======== Records for the exercise

theorem theorem16:
  fixes V :: "'a set" and E :: "'a \<Rightarrow> 'a \<Rightarrow> bool" and W :: "'a set" and n k :: nat
  assumes "connected_graph V E"
    and "n = card V"
    and "real n / 2 < real (twin_number V E)"
    and "twin_number V E = n - k"
    and "tau_set V E W"
    and "induces_complete E W"
  shows "real (partition_dimension V E) \<le> real n - real k / 2"
proof -
  have gr: "graph V E" using assms(1) unfolding connected_graph_def by simp
  have finV: "finite V" using gr unfolding graph_def by simp
  have WV: "W \<subseteq> V" and twW: "\<forall>w\<in>W. \<forall>w'\<in>W. twins V E w w'" and cardW: "card W = n - k"
    using assms(4,5) unfolding tau_set_def by auto
  have k_lt: "k < card W" and cardU: "card (V - W) = k"
    using assms(2-4) cardW card_Diff_subset[OF finite_subset[OF WV finV] WV] by auto
  then obtain w\<^sub>1 where w\<^sub>1: "w\<^sub>1 \<in> W" by fastforce
  obtain T where T: "T \<subseteq> V - W" "2 * card T \<le> card (V - W)"
    and sep: "\<And>u. u \<in> V - W - T \<Longrightarrow> \<forall>w\<in>W. E u w \<Longrightarrow> \<exists>z\<in>T. E u z \<noteq> E w\<^sub>1 z"
    using complete_tau_set_half_dominating[OF gr assms(5,6) w\<^sub>1] by blast
  have "card (V - W - T) < card W"
    using k_lt cardU card_mono[OF finite_Diff[OF finV] Diff_subset[of "V - W" T]] by simp
  then have "partition_dimension V E \<le> card V - card (V - W - T)"
    using partition_dimension_le_pairing_twin_clique[OF assms(1) WV assms(6) twW w\<^sub>1 Diff_subset]
      sep T(1) by (metis Diff_Diff_Int inf.absorb_iff2)
  moreover have "card (V - W - T) = k - card T"
    using T(1) cardU finV by (simp add: card_Diff_subset finite_subset)
  moreover have "k \<le> n" using assms(2) cardU card_mono[OF finV Diff_subset[of V W]] by simp
  ultimately show ?thesis using T(2) cardU assms(2) by (simp add: of_nat_diff)
qed
(* For every integer $m\ge 4$, $$\lambda(C_3(T_{m-2,2}))<\frac{m-2}{2}+\frac{32}{(m-3)^2}+\frac{16}{m-3}.$$
   Context: $\lambda(G)$ denotes the spectral radius of the adjacency matrix of $G$. $T_{p,2}$ is the complete bipartite graph on $p$ vertices with parts of sizes $\lfloor p/2\rfloor$ and $\lceil p/2\rceil$. $C_3(T_{m-2,2})$ is the $m$-vertex graph obtained by identifying one vertex of a triangle with one vertex of $T_{m-2,2}$ lying in the part of size $\lfloor (m-2)/2\rfloor$. *)

theory Defs
  imports Complex_Main "Jordan_Normal_Form.Spectral_Radius"
begin

text \<open>A simple graph on vertex set {0..<n} is given by a symmetric irreflexive
  edge predicate. Its adjacency matrix (over the complex numbers, so that the
  library notion of spectral radius applies):\<close>
definition adj_mat :: "nat \<Rightarrow> (nat \<Rightarrow> nat \<Rightarrow> bool) \<Rightarrow> complex mat" where
  "adj_mat n E = mat n n (\<lambda>(i, j). if E i j then 1 else 0)"

definition graph_spectral_radius :: "nat \<Rightarrow> (nat \<Rightarrow> nat \<Rightarrow> bool) \<Rightarrow> real" where
  "graph_spectral_radius n E = spectral_radius (adj_mat n E)"

definition T2_edge :: "nat \<Rightarrow> nat \<Rightarrow> nat \<Rightarrow> bool" where
  "T2_edge p i j = ((i < p div 2 \<and> p div 2 \<le> j \<and> j < p) \<or> (j < p div 2 \<and> p div 2 \<le> i \<and> i < p))"

text \<open>C_3(T_{m-2,2}) on {0..<m}: the graph T_{m-2,2} on {0..<m-2}, plus a triangle
  on vertices 0, m-2, m-1, where vertex 0 lies in the part of size floor((m-2)/2).\<close>
definition C3T_edge :: "nat \<Rightarrow> nat \<Rightarrow> nat \<Rightarrow> bool" where
  "C3T_edge m i j =
     (T2_edge (m - 2) i j
      \<or> (i = 0 \<and> (j = m - 2 \<or> j = m - 1))
      \<or> (j = 0 \<and> (i = m - 2 \<or> i = m - 1))
      \<or> (i = m - 2 \<and> j = m - 1) \<or> (i = m - 1 \<and> j = m - 2))"

end

theory Submission imports Defs begin

text \<open>A positive weight vector whose weighted neighbour sums are at most \<open>\<rho>\<close> times its own
  entries bounds the spectral radius by \<open>\<rho>\<close> (Collatz--Wielandt). For
  \<open>C\<^sub>3(T\<^sub>m\<^sub>-\<^sub>2\<^sub>,\<^sub>2)\<close> with \<open>p = m - 2\<close> the weights are: \<open>1\<close> on the small part \<open>A\<close> minus the
  apex, \<open>r/|B|\<close> on the large part \<open>B\<close>, \<open>1 + 4/r\<^sup>2\<close> on the apex and \<open>(1 + 4/r\<^sup>2)/(r - 1)\<close> on the two
  remaining triangle vertices, where \<open>r = p/2 + 8/(p - 1)\<close>. The inequalities are then exact at
  the small part and the triangle; at the apex they need only \<open>r \<ge> 4\<close>, and at \<open>B\<close> they follow from
  \<open>|A| |B| \<le> p\<^sup>2/4\<close> and \<open>r\<^sup>2 \<ge> p\<^sup>2/4 + 8\<close>. Finally \<open>r < (m - 2)/2 + 16/(m - 3)\<close>.\<close>

lemma adj_mat_mult_vec_nth:
  assumes "i < n" and "v \<in> carrier_vec n"
  shows "(adj_mat n E *\<^sub>v v) $ i = (\<Sum>j | j < n \<and> E i j. v $ j)"
proof -
  have "(adj_mat n E *\<^sub>v v) $ i = (\<Sum>j<n. if E i j then v $ j else 0)"
    using assms by (auto simp: adj_mat_def scalar_prod_def lessThan_atLeast0 intro: sum.cong)
  also have "\<dots> = (\<Sum>j | j < n \<and> E i j. v $ j)"
    by (simp add: sum.inter_filter[symmetric] lessThan_def conj_commute)
  finally show ?thesis .
qed

lemma eigenvalue_norm_le_weighted_row_sum:
  fixes x :: "nat \<Rightarrow> real"
  assumes ev: "eigenvector (adj_mat n E) v k"
    and pos: "\<And>i. i < n \<Longrightarrow> 0 < x i"
    and rows: "\<And>i. i < n \<Longrightarrow> (\<Sum>j | j < n \<and> E i j. x j) \<le> \<rho> * x i"
  shows "norm k \<le> \<rho>"
proof -
  have "adj_mat n E \<in> carrier_mat n n" by (simp add: adj_mat_def)
  with ev have v: "v \<in> carrier_vec n" and "v \<noteq> 0\<^sub>v n" and Av: "adj_mat n E *\<^sub>v v = k \<cdot>\<^sub>v v"
    by (auto simp: eigenvector_def)
  then obtain j0 where j0: "j0 < n" "v $ j0 \<noteq> 0"
    by (metis eq_vecI carrier_vecD index_zero_vec)
  define f where "f j = norm (v $ j) / x j" for j
  \<comment> \<open>compare at a vertex where \<open>|v|/x\<close> is maximal\<close>
  obtain i where i: "i < n" and i_max: "\<And>j. j < n \<Longrightarrow> f j \<le> f i"
  proof -
    have fin: "finite (f ` {..<n})" by simp
    have "Max (f ` {..<n}) \<in> f ` {..<n}"
      using j0 by (intro Max_in) auto
    then obtain i where "i < n" "f i = Max (f ` {..<n})" by auto
    with fin show ?thesis
      using that by (metis Max_ge image_eqI lessThan_iff)
  qed
  have "0 < f j0" using j0 pos by (simp add: f_def)
  with i_max j0 have fi_pos: "0 < f i" by fastforce
  have "norm k * norm (v $ i) = norm ((adj_mat n E *\<^sub>v v) $ i)"
    using Av i v by (simp add: norm_mult)
  also have "\<dots> \<le> (\<Sum>j | j < n \<and> E i j. norm (v $ j))"
    using i v by (simp add: adj_mat_mult_vec_nth norm_sum)
  also have "\<dots> \<le> (\<Sum>j | j < n \<and> E i j. f i * x j)"
    using i_max pos by (intro sum_mono) (auto simp: f_def divide_le_eq)
  also have "\<dots> \<le> f i * (\<rho> * x i)"
    using rows[OF i] fi_pos by (simp add: sum_distrib_left[symmetric])
  finally have "norm k * (f i * x i) \<le> \<rho> * (f i * x i)"
    using pos[OF i] by (simp add: f_def ac_simps)
  then show ?thesis
    using fi_pos pos[OF i] by (simp add: mult_le_cancel_right_pos)
qed

lemma spectral_radius_adj_mat_le:
  fixes x :: "nat \<Rightarrow> real"
  assumes "0 < n"
    and "\<And>i. i < n \<Longrightarrow> 0 < x i"
    and "\<And>i. i < n \<Longrightarrow> (\<Sum>j | j < n \<and> E i j. x j) \<le> \<rho> * x i"
  shows "graph_spectral_radius n E \<le> \<rho>"
proof -
  have "adj_mat n E \<in> carrier_mat n n" by (simp add: adj_mat_def)
  from spectral_radius_mem_max(1)[OF this \<open>0 < n\<close>] obtain k
    where "k \<in> spectrum (adj_mat n E)" and radius: "spectral_radius (adj_mat n E) = norm k"
    by blast
  then obtain v where "eigenvector (adj_mat n E) v k"
    by (auto simp: spectrum_def eigenvalue_def)
  then have "norm k \<le> \<rho>"
    using assms(2,3) by (rule eigenvalue_norm_le_weighted_row_sum)
  then show ?thesis
    by (simp add: graph_spectral_radius_def radius)
qed

lemma apex_row_ineq:
  fixes r :: real
  assumes "4 \<le> r"
  shows "r + 2 * ((1 + 4 / r\<^sup>2) / (r - 1)) \<le> r * (1 + 4 / r\<^sup>2)"
proof -
  have "4 * r \<le> r * r"
    using assms by (intro mult_right_mono) auto
  moreover have "2 * r * (r - 1) - (r\<^sup>2 + 4) = r * r - 2 * r - 4"
    by (simp add: power2_eq_square algebra_simps)
  ultimately have "r\<^sup>2 + 4 \<le> 2 * r * (r - 1)"
    using assms by linarith
  then have "r * (r\<^sup>2 + 4) \<le> r * (2 * r * (r - 1))"
    using assms by (intro mult_left_mono) auto
  then have "2 * ((1 + 4 / r\<^sup>2) / (r - 1)) \<le> 4 / r"
    using assms by (simp add: field_simps power2_eq_square ring_distribs)
  moreover have "r * (1 + 4 / r\<^sup>2) = r + 4 / r"
    using assms by (simp add: field_simps power2_eq_square)
  ultimately show ?thesis by simp
qed

lemma large_part_row_ineq:
  fixes a b r :: real
  assumes "0 \<le> a" and "0 < b" and r: "(a + b)\<^sup>2 / 4 + 8 \<le> r\<^sup>2"
  shows "(1 + 4 / r\<^sup>2) + (a - 1) \<le> r * (r / b)"
proof -
  have amgm: "a * b \<le> (a + b)\<^sup>2 / 4"
    using sum_squares_ge_zero[of "a - b" 0] by (simp add: power2_eq_square algebra_simps)
  have "b * b \<le> (a + b)\<^sup>2"
    using assms by (simp add: power2_eq_square mult_mono)
  moreover have "2 * b \<le> b * b + 1"
    using zero_le_power2[of "b - 1"] by (simp add: power2_eq_square algebra_simps)
  ultimately have "b \<le> 2 * r\<^sup>2"
    using r by linarith
  moreover have "0 < r\<^sup>2"
    using r zero_le_power2[of "a + b"] by linarith
  ultimately have "b * (4 / r\<^sup>2) \<le> 8"
    by (simp add: field_simps)
  with amgm r have "b * (a + 4 / r\<^sup>2) \<le> r\<^sup>2"
    by (simp add: algebra_simps)
  then show ?thesis
    using \<open>0 < b\<close> by (simp add: field_simps power2_eq_square)
qed

definition C3T_rho :: "nat \<Rightarrow> real" where
  "C3T_rho p = real p / 2 + 8 / (real p - 1)"

definition C3T_apex_weight :: "nat \<Rightarrow> real" where
  "C3T_apex_weight p = 1 + 4 / (C3T_rho p)\<^sup>2"

definition C3T_weight :: "nat \<Rightarrow> nat \<Rightarrow> real" where
  "C3T_weight p j =
     (if j = 0 then C3T_apex_weight p
      else if j < p div 2 then 1
      else if j < p then C3T_rho p / real (p - p div 2)
      else C3T_apex_weight p / (C3T_rho p - 1))"

lemma C3T_rho_ge:
  assumes "2 \<le> p"
  shows "9 / 2 \<le> C3T_rho p"
proof -
  have "C3T_rho p - 9 / 2 = (real p - 5)\<^sup>2 / (2 * (real p - 1))"
    using assms by (simp add: C3T_rho_def field_simps power2_eq_square)
  also have "\<dots> \<ge> 0"
    using assms by simp
  finally show ?thesis by simp
qed

lemma C3T_rho_sq_ge:
  assumes "2 \<le> p"
  shows "(real p)\<^sup>2 / 4 + 8 \<le> (C3T_rho p)\<^sup>2"
proof -
  have "8 \<le> real p * (8 / (real p - 1))"
    using assms by (simp add: field_simps)
  moreover have "(C3T_rho p)\<^sup>2 = (real p)\<^sup>2 / 4 + real p * (8 / (real p - 1)) + (8 / (real p - 1))\<^sup>2"
    by (simp add: C3T_rho_def power2_eq_square algebra_simps)
  ultimately show ?thesis
    using zero_le_power2[of "8 / (real p - 1)"] by linarith
qed

lemma C3T_weight_pos:
  assumes "2 \<le> p"
  shows "0 < C3T_weight p j"
proof -
  have "0 < C3T_apex_weight p"
    by (simp add: C3T_apex_weight_def add_pos_nonneg)
  moreover have "0 < p - p div 2"
    using assms by simp
  ultimately show ?thesis
    using C3T_rho_ge[OF assms] by (simp add: C3T_weight_def)
qed

lemma sum_C3T_weight_large_part:
  assumes "2 \<le> p"
  shows "(\<Sum>j\<in>{p div 2..<p}. C3T_weight p j) = C3T_rho p"
proof -
  have "(\<Sum>j\<in>{p div 2..<p}. C3T_weight p j) = (\<Sum>j\<in>{p div 2..<p}. C3T_rho p / real (p - p div 2))"
    using assms by (intro sum.cong) (auto simp: C3T_weight_def)
  also have "\<dots> = C3T_rho p"
    using assms by simp
  finally show ?thesis .
qed

lemma sum_C3T_weight_small_part:
  assumes "2 \<le> p"
  shows "(\<Sum>j\<in>{0..<p div 2}. C3T_weight p j) = C3T_apex_weight p + (real (p div 2) - 1)"
proof -
  have "(\<Sum>j\<in>{0..<p div 2}. C3T_weight p j) = C3T_weight p 0 + (\<Sum>j\<in>{1..<p div 2}. 1)"
    using assms by (simp add: sum.atLeast_Suc_lessThan C3T_weight_def)
  then show ?thesis
    using assms by (simp add: C3T_weight_def)
qed

lemma C3T_edge_iff:
  assumes "m = p + 2" and "a = p div 2"
  shows "C3T_edge m i j \<longleftrightarrow>
    (i < a \<and> a \<le> j \<and> j < p) \<or> (j < a \<and> a \<le> i \<and> i < p)
    \<or> (i = 0 \<and> (j = p \<or> j = p + 1)) \<or> (j = 0 \<and> (i = p \<or> i = p + 1))
    \<or> (i = p \<and> j = p + 1) \<or> (i = p + 1 \<and> j = p)"
  using assms by (auto simp: C3T_edge_def T2_edge_def)

lemma C3T_weight_row_sum_le:
  assumes "2 \<le> p" and "i < p + 2"
  shows "(\<Sum>j | j < p + 2 \<and> C3T_edge (p + 2) i j. C3T_weight p j) \<le> C3T_rho p * C3T_weight p i"
proof -
  let ?a = "p div 2" and ?r = "C3T_rho p" and ?z = "C3T_apex_weight p"
  let ?N = "{j. j < p + 2 \<and> C3T_edge (p + 2) i j}"
  note edge = C3T_edge_iff[OF refl refl, of p]
  have a_pos: "0 < ?a" and a_lt: "?a < p"
    using assms by simp_all
  have r: "9 / 2 \<le> ?r"
    using C3T_rho_ge[OF assms(1)] .
  have triangle: "?z + ?z / (?r - 1) = ?r * (?z / (?r - 1))"
    using r by (simp add: field_simps)
  consider "i = 0" | "0 < i" "i < ?a" | "?a \<le> i" "i < p" | "i = p" | "i = p + 1"
    using assms by linarith
  then show ?thesis
  proof cases
    case 1
    then have "?N = {?a..<p} \<union> {p, p + 1}"
      unfolding edge using assms by auto
    then have "sum (C3T_weight p) ?N = sum (C3T_weight p) {?a..<p} + C3T_weight p p + C3T_weight p (p + 1)"
      by (simp add: sum.union_disjoint)
    also have "\<dots> = ?r + 2 * (?z / (?r - 1))"
      using assms by (simp add: sum_C3T_weight_large_part) (auto simp: C3T_weight_def)
    finally show ?thesis
      using 1 apex_row_ineq[of ?r] r by (simp add: C3T_weight_def C3T_apex_weight_def)
  next
    case 2
    then have "?N = {?a..<p}"
      unfolding edge using assms by auto
    then show ?thesis
      using 2 assms by (simp add: sum_C3T_weight_large_part) (simp add: C3T_weight_def)
  next
    case 3
    have "?N = {0..<?a}"
      unfolding edge using 3 assms by auto
    then have "sum (C3T_weight p) ?N = ?z + (real ?a - 1)"
      using assms by (simp add: sum_C3T_weight_small_part)
    also have "\<dots> \<le> ?r * (?r / real (p - ?a))"
    proof -
      have "real ?a + real (p - ?a) = real p"
        using a_lt by simp
      then show ?thesis
        unfolding C3T_apex_weight_def using a_lt C3T_rho_sq_ge[OF assms(1)]
        by (intro large_part_row_ineq) auto
    qed
    also have "?r / real (p - ?a) = C3T_weight p i"
      using 3 a_pos by (simp add: C3T_weight_def)
    finally show ?thesis .
  next
    case 4
    then have "?N = {0, p + 1}"
      unfolding edge using assms by auto
    then show ?thesis
      using 4 a_lt triangle by (simp add: C3T_weight_def)
  next
    case 5
    then have "?N = {0, p}"
      unfolding edge using assms by auto
    then show ?thesis
      using 5 a_lt triangle by (simp add: C3T_weight_def)
  qed
qed

theorem lemmaA3:
  fixes m :: nat
  assumes "m \<ge> 4"
  shows "graph_spectral_radius m (C3T_edge m)
           < (real m - 2) / 2 + 32 / (real m - 3)^2 + 16 / (real m - 3)"
proof -
  define p where "p = m - 2"
  have p: "2 \<le> p" and m: "m = p + 2"
    using assms by (simp_all add: p_def)
  have "graph_spectral_radius m (C3T_edge m) \<le> C3T_rho p"
    unfolding m using p
    by (intro spectral_radius_adj_mat_le[where x = "C3T_weight p"] C3T_weight_pos C3T_weight_row_sum_le) auto
  also have "\<dots> < (real m - 2) / 2 + 32 / (real m - 3)^2 + 16 / (real m - 3)"
  proof -
    have p_eq: "real p / 2 = (real m - 2) / 2" "real p - 1 = real m - 3"
      using m by simp_all
    have "0 < real m - 3"
      using assms by simp
    then have "8 / (real m - 3) < 16 / (real m - 3)" and "0 < 32 / (real m - 3)^2"
      by (simp_all add: divide_strict_right_mono)
    then show ?thesis
      unfolding C3T_rho_def p_eq by linarith
  qed
  finally show ?thesis .
qed

end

================

(Assigned task): In the records shown above, how many lines include the word "that"? Answer with the number only.

(Written answer): 2